lemma Ppath_prefix:
  assumes "1 \<le> i" "i \<le> n"
  shows "\<exists>R. R \<noteq> [] \<and> Ppath n L i = [(0,0),(0,0)] @ map (\<lambda>j. (i,j)) [1..<L i] @ [(0,0)] @ R"
proof -
  obtain rest where "Ppath n L i =
      [(0,0),(0,0)] @ map (\<lambda>j. (i,j)) [1..<L i] @ [(0,0)] @ (tl (cycL L i) @ tl (ccat rest))"
  proof (cases "i = 1")
    case True
    define kn where "kn = 2*(1+(\<Sum>k\<in>{1..n}. L k))"
    have "1 < kn + 1" by (simp add: kn_def)
    then have up: "[1..<kn+1] = 1 # [2..<kn+1]"
      by (simp add: upt_conv_Cons numeral_2_eq_2)
    have "Ppath n L i = ccat (pcat (rep 1 loop) (rep 2 (cycL L i)) #
        map (\<lambda>a. pcat (rep a loop) (rep 2 (cycL L 1))) [2..<kn+1]
        @ [loop] @ map (\<lambda>k. rep 2 (cycL L k)) [2..<n+1] @ [loop])"
      unfolding True Ppath_1[OF assms(2)[unfolded True]] kn_def[symmetric] up by simp
    then show ?thesis by (intro that) (simp add: rep_2 cycL_def pcat_def loop_def)
  next
    case False
    then have "[i..<n+1] = i # [Suc i..<n+1]" using assms by (simp add: upt_conv_Cons)
    then have "Ppath n L i = ccat (loop # rep 2 (cycL L i) #
        map (\<lambda>k. rep 2 (cycL L k)) [Suc i..<n+1] @ [loop])"
      using assms False by (simp add: Ppath_middle)
    then show ?thesis by (intro that) (simp add: rep_2 cycL_def pcat_def loop_def)
  qed
  then show ?thesis by (auto simp: tl_cycL)
qed

lemma clen_lower_bound: "1 \<le> i \<Longrightarrow> i \<le> n \<Longrightarrow> n + 2 \<le> clen n i + i"
proof (induction n arbitrary: i)
  case (Suc n)
  show ?case
  proof (cases "i \<le> n")
    case True
    obtain R where R: "R \<noteq> []"
      "Pp n i = [(0,0),(0,0)] @ map (\<lambda>j. (i,j)) [1..<clen n i] @ [(0,0)] @ R"
      using Ppath_prefix[OF Suc.prems(1) True] by blast
    have "clen (Suc n) i = 2 + (clen n i - 1) + length R"
      using R(2) by simp
    then show ?thesis using Suc.IH[OF Suc.prems(1) True] R(1) by (cases R) auto
  next
    case False
    then have i: "i = Suc n" using Suc.prems by simp
    show ?thesis
    proof (cases "n = 0")
      case True
      then show ?thesis using i by (simp add: Ppath_0 rep_loop)
    next
      case False
      then have n1: "1 \<le> n" by simp
      have "1 \<le> clen n 1" using Suc.IH[of 1] n1 by simp
      also have "clen n 1 \<le> (\<Sum>k\<in>{1..n}. clen n k)"
        using n1 by (intro member_le_sum) auto
      finally have "4 * 1 \<le> (n+2)^2 * (\<Sum>k\<in>{1..n}. clen n k)"
        by (intro mult_le_mono) (auto simp: power2_eq_square)
      moreover have "clen (Suc n) i = (n+2)^2 * (\<Sum>k\<in>{1..n}. clen n k)"
        using i Ppath_Suc_last[OF n1, of "clen n"] by (simp add: rep_loop)
      ultimately show ?thesis using i by simp
    qed
  qed
qed simp

lemma clen_ge_2: "1 \<le> i \<Longrightarrow> i \<le> n \<Longrightarrow> 2 \<le> clen n i"
  using clen_lower_bound[of i n] by simp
####################
**WHAT THE TASK REQUIRES**
Transcribe the material exactly, stopping after the "(tl (cycL L" line.

**FINISHED EXERCISE**
lemma Ppath_prefix:
  assumes "1 \<le> i" "i \<le> n"
  shows "\<exists>R. R \<noteq> [] \<and> Ppath n L i = [(0,0),(0,0)] @ map (\<lambda>j. (i,j)) [1..<L i] @ [(0,0)] @ R"
proof -
  obtain rest where "Ppath n L i =
      [(0,0),(0,0)] @ map (\<lambda>j. (i,j)) [1..<L i] @ [(0,0)] @ (tl (cycL L i) @ tl (ccat rest))"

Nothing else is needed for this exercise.